Écoutant la déclaration de Mme Marie-Claude Najm, ministre de la Justice, à propos de la descente intempestive de Mme le Procureur Général du Mont-Liban, Ghada Aoun, dans les bureaux de la société Mkattaf, je me suis rappelé ce que disait Wittgenstein : « Ce qui ne peut être dit, doit être tu ».
L’intention ici n’est pas de défendre la société Mkattaf face au Parquet. Que tous les corrompus et les corrupteurs reçoivent leur châtiment. Cependant, il aurait mieux valu que le Professeur de droit, Marie-Claude Najm, s’abstienne de donner l’impression de réduire l’affaire Ghada Aoun à un contentieux entre cette dernière et son supérieur hiérarchique Ghassan Oueidate, Procureur Général de la Cour de Cassation.
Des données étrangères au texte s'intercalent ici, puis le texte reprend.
(* Let $\lambda>-1/2$, $\lambda\ne0$, $M,N\ge0$ integers, $a_0,\dots,a_M\in\mathbb{R}$, $a_{M+1}=a_{M+2}=0$, and $f_M(x)=\sum_{m=0}^M a_mC^{(\lambda)}_m(x)$. For $0\le n\le N$ and $y\in[-1,1]$ write $$\int_{-1}^{y}f_M(y-1-t)C^{(\lambda)}_n(t)\,\mathrm{d}t=\sum_{k=0}^{M+N+1}R^{(\lambda)}_{k,n}C^{(\lambda)}_k(y),$$ and set $R^{(\lambda)}_{k,-1}:=0$ for all $k$ and $R^{(\lambda)}_{M+N+2,n}:=0$. Then $$R^{(\lambda)}_{k,0}=\begin{cases}0,&k>M+1,\\[1mm] \dfrac{a_{k-1}}{2(k+\lambda-1)}-\dfrac{a_{k+1}}{2(k+\lambda+1)},&1\le k\le M+1,\\[2mm] \displaystyle\sum_{j=1}^{M+1}(-1)^{j+1}\frac{(2\lambda)_j}{j!}R^{(\lambda)}_{j,0},&k=0,\end{cases}$$ and for $0\le n\le N-1$ and $1\le k\le M+N$, $$R^{(\lambda)}_{k,n+1}=S^{(\lambda)}_nR^{(\lambda)}_{k,0}+R^{(\lambda)}_{k,n-1}+\frac{n+\lambda}{k+\lambda-1}R^{(\lambda)}_{k-1,n}-\frac{n+\lambda}{k+\lambda+1}R^{(\lambda)}_{k+1,n},$$ where $S^{(\lambda)}_n=\dfrac{2(-1)^{n+1}(\lambda+n)(2\lambda-1)_n}{(n+1)!}$.
   Context: Gegenbauer polynomials $C^{(\lambda)}_n$ ($\lambda>-1/2$, $\lambda\ne0$) are defined by $C^{(\lambda)}_{-1}=0$, $C^{(\lambda)}_0=1$, $2(n+\lambda)xC^{(\lambda)}_n(x)=(n+1)C^{(\lambda)}_{n+1}(x)+(n+2\lambda-1)C^{(\lambda)}_{n-1}(x)$. $(a)_n$ is the Pochhammer symbol ($(a)_0=1$). The left-hand convolution is a polynomial of degree at most $M+n+1$, so $R^{(\lambda)}_{k,n}=0$ for $k>M+n+1$; $R^{(\lambda)}$ is the Gegenbauer convolution matrix of $f_M$. *)

theory Defs
  imports "HOL-Analysis.Analysis"
begin

text \<open>Gegenbauer polynomials via the three-term recurrence
  (n+1) C_{n+1}(x) = 2(n+lambda) x C_n(x) - (n + 2 lambda - 1) C_{n-1}(x), C_{-1} = 0, C_0 = 1.\<close>
fun gegen_pair :: "real \<Rightarrow> nat \<Rightarrow> real \<Rightarrow> real \<times> real" where
  "gegen_pair lam 0 x = (0, 1)"
| "gegen_pair lam (Suc n) x =
     (let (cm1, c) = gegen_pair lam n x
      in (c, (2 * (real n + lam) * x * c - (real n + 2 * lam - 1) * cm1) / (real n + 1)))"

definition gegenbauer :: "real \<Rightarrow> nat \<Rightarrow> real \<Rightarrow> real" where
  "gegenbauer lam n x = snd (gegen_pair lam n x)"

definition gegen_series :: "real \<Rightarrow> (nat \<Rightarrow> real) \<Rightarrow> nat \<Rightarrow> real \<Rightarrow> real" where
  "gegen_series lam a M x = (\<Sum>m\<le>M. a m * gegenbauer lam m x)"

definition gegen_S :: "real \<Rightarrow> nat \<Rightarrow> real" where
  "gegen_S lam n = 2 * (-1) ^ (n + 1) * (lam + real n) * pochhammer (2 * lam - 1) n / fact (n + 1)"

end

theory Submission
  imports Defs "HOL-Computational_Algebra.Polynomial"
begin
lemma defect_skew: "defect y x = - defect x y"
  using jordan[of x y] unfolding defect_def by (simp add: add algebra_simps)

lemma defect_add_left: "defect (x + u) y = defect x y + defect u y"
  unfolding defect_def by (simp add: add algebra_simps)

lemma defect_add_right: "defect x (y + v) = defect x y + defect x v"
  unfolding defect_def by (simp add: add algebra_simps)

lemma defect_sandwich_anticommute:
  "defect x y * w * (x*y - y*x) + (x*y - y*x) * w * defect x y = 0"
proof -
  have Dxy: "D (x*y) = defect x y + D x * y + x * D y"
    unfolding defect_def by simp
  have Dyx: "D (y*x) = - defect x y + D y * x + y * D x"
    using defect_skew[of x y] unfolding defect_def by (simp add: algebra_simps)
  have "D (x*y*w*(y*x) + y*x*w*(x*y))
      = D(x*y)*w*(y*x) + x*y*D w*(y*x) + x*y*w*D(y*x) + D(y*x)*w*(x*y) + y*x*D w*(x*y) + y*x*w*D(x*y)"
    by (rule triple_linearized)
  moreover have "x*y*w*(y*x) + y*x*w*(x*y) = x*(y*w*y)*x + y*(x*w*x)*y"
    by (simp add: mult.assoc)
  moreover have "D (x*(y*w*y)*x + y*(x*w*x)*y) = D x*(y*w*y)*x + x*(D y*w*y + y*D w*y + y*w*D y)*x
      + x*(y*w*y)*D x + (D y*(x*w*x)*y + y*(D x*w*x + x*D w*x + x*w*D x)*y + y*(x*w*x)*D y)"
    by (simp add: add triple)
  ultimately have "D(x*y)*w*(y*x) + x*y*D w*(y*x) + x*y*w*D(y*x) + D(y*x)*w*(x*y) + y*x*D w*(x*y) + y*x*w*D(x*y)
      = D x*(y*w*y)*x + x*(D y*w*y + y*D w*y + y*w*D y)*x + x*(y*w*y)*D x
        + (D y*(x*w*x)*y + y*(D x*w*x + x*D w*x + x*w*D x)*y + y*(x*w*x)*D y)"
    by simp
  then show ?thesis
    unfolding Dxy Dyx by (simp add: algebra_simps)
qed

lemma defect_sandwich_commutator_self: "defect x y * w * (x*y - y*x) = 0"
  using defect_sandwich_anticommute by (rule sandwich_anticommute_zero)

lemma defect_sandwich_commutator_left: "defect x y * w * (u*y - y*u) = 0"
proof (rule sandwich_cross_zero)
  show "(defect x y + defect u y) * w * ((x*y - y*x) + (u*y - y*u)) = 0" for w
    using defect_sandwich_commutator_self[of "x + u" y w]
    by (simp add: defect_add_left) (simp add: algebra_simps)
qed (rule defect_sandwich_commutator_self)+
En tant que ministre de la justice, elle se doit de veiller à la cohésion du corps rigoureusement hiérarchisé que constitue le Parquet et ses magistrats dits « debout ». C’est pourquoi, il aurait été plus judicieux qu’elle ne laisse pas croire ne pas être concernée par une telle crise au sein de l’institution du Parquet que préside le magistrat Oueidate.
Si, pour une raison de force majeure, la ministre n’est pas en mesure de veiller à la cohésion interne de la magistrature, il aurait été préférable qu’elle s’abstienne de toute déclaration tout en déployant tous les efforts possibles, mais discrets, afin d’éviter que la Justice ne soit instrumentalisée au service du crime.
Ici, le vocable « crime » renvoie au non-respect de l’indépendance du pouvoir judiciaire tant par le pouvoir exécutif lui-même que par les forces politiques qui ont fait main basse sur l’État et les ressources du pays grâce à la collusion d’une milice armée qui protège un réseau du crime organisé au sein de l’establishment politique. Ce que nous avons vu et entendu, dans l’affaire en question, ne peut se résumer à une bagarre entre deux élèves récalcitrants, Ghada et Ghassan. La ministre de la Justice, éminent professeur de droit, aurait dû protéger sa propre image de marque ainsi que celle de cette justice qui est l’objet même de son enseignement académique de qualité.
Aujourd’hui, l’État de droit n’est plus au Liban. Il a été assassiné par ceux qui ont la charge de veiller sur le respect de la Loi. La situation est plus que grave. Elle est désespérée. Chaque citoyen est en danger. Ses droits fondamentaux risquent, à tout moment, d’être violés par la magistrature elle-même, emportée par la crise de manie furieuse du populisme vulgaire et plébéien. « Berytus Nutrix Legum », cette « Beyrouth-Nourricière-des-Lois » est aujourd’hui réduite à être une copie fanée de la contre-justice, une justice hors-la-loi à l’image de celle pratiquée en Chine sous la dictature de la « bande des quatre ». L’histoire n’a pas oublié l’épopée de l’impératrice rouge, Jian Qing épouse de Mao Zedong à laquelle Madame le Procureur Ghada Aoun n’a pas grand-chose à envier.
Un tel scandale de procédure pourra-t-il entraîner un sursaut salutaire qui permettra l’émergence d’un leadership capable de faire le grand ménage ? Il est clair aujourd’hui que toutes les voies constitutionnelles sont bloquées. Former un gouvernement de mission est utopique. Saad Hariri, le premier ministre désigné, n’est pas l’homme de la situation ; de même que Michel Aoun, le président en exercice, devrait quitter ses fonctions sans plus tarder comme en 1990, ainsi que Nabih Berry. La guerre entre ces leaders a déjà coûté trop cher et profite uniquement au Hezbollah qui se frotte les mains en voyant ses « obligés » se crêper le chignon. Cela lui permet de poursuivre tranquillement ses activités criminelles.
Une phase de transition est indispensable. Le Liban a besoin d’une période de convalescence, loin de toute lutte politicienne, afin de nettoyer toute la crasse accumulée. Un pouvoir temporaire restreint devrait être mis en place sous une ombrelle internationale. Une fois le grand ménage terminé, on peut songer à reprendre une vie publique normale. La phase de transition doit pouvoir consolider l’autonomie souveraine du territoire national, grâce aux résolutions de l’ONU (1559-1680-1701), ainsi que de réformer les institutions, d’implanter une vraie justice indépendante et surtout de mettre fin au féodalisme tribal et barbare de la vie politique.
En attendant d’entreprendre un tel ménage, le calvaire de la population libanaise se poursuivra. Nos enfants et petits enfants auront largement le temps de nous maudire, s’il reste encore un Liban.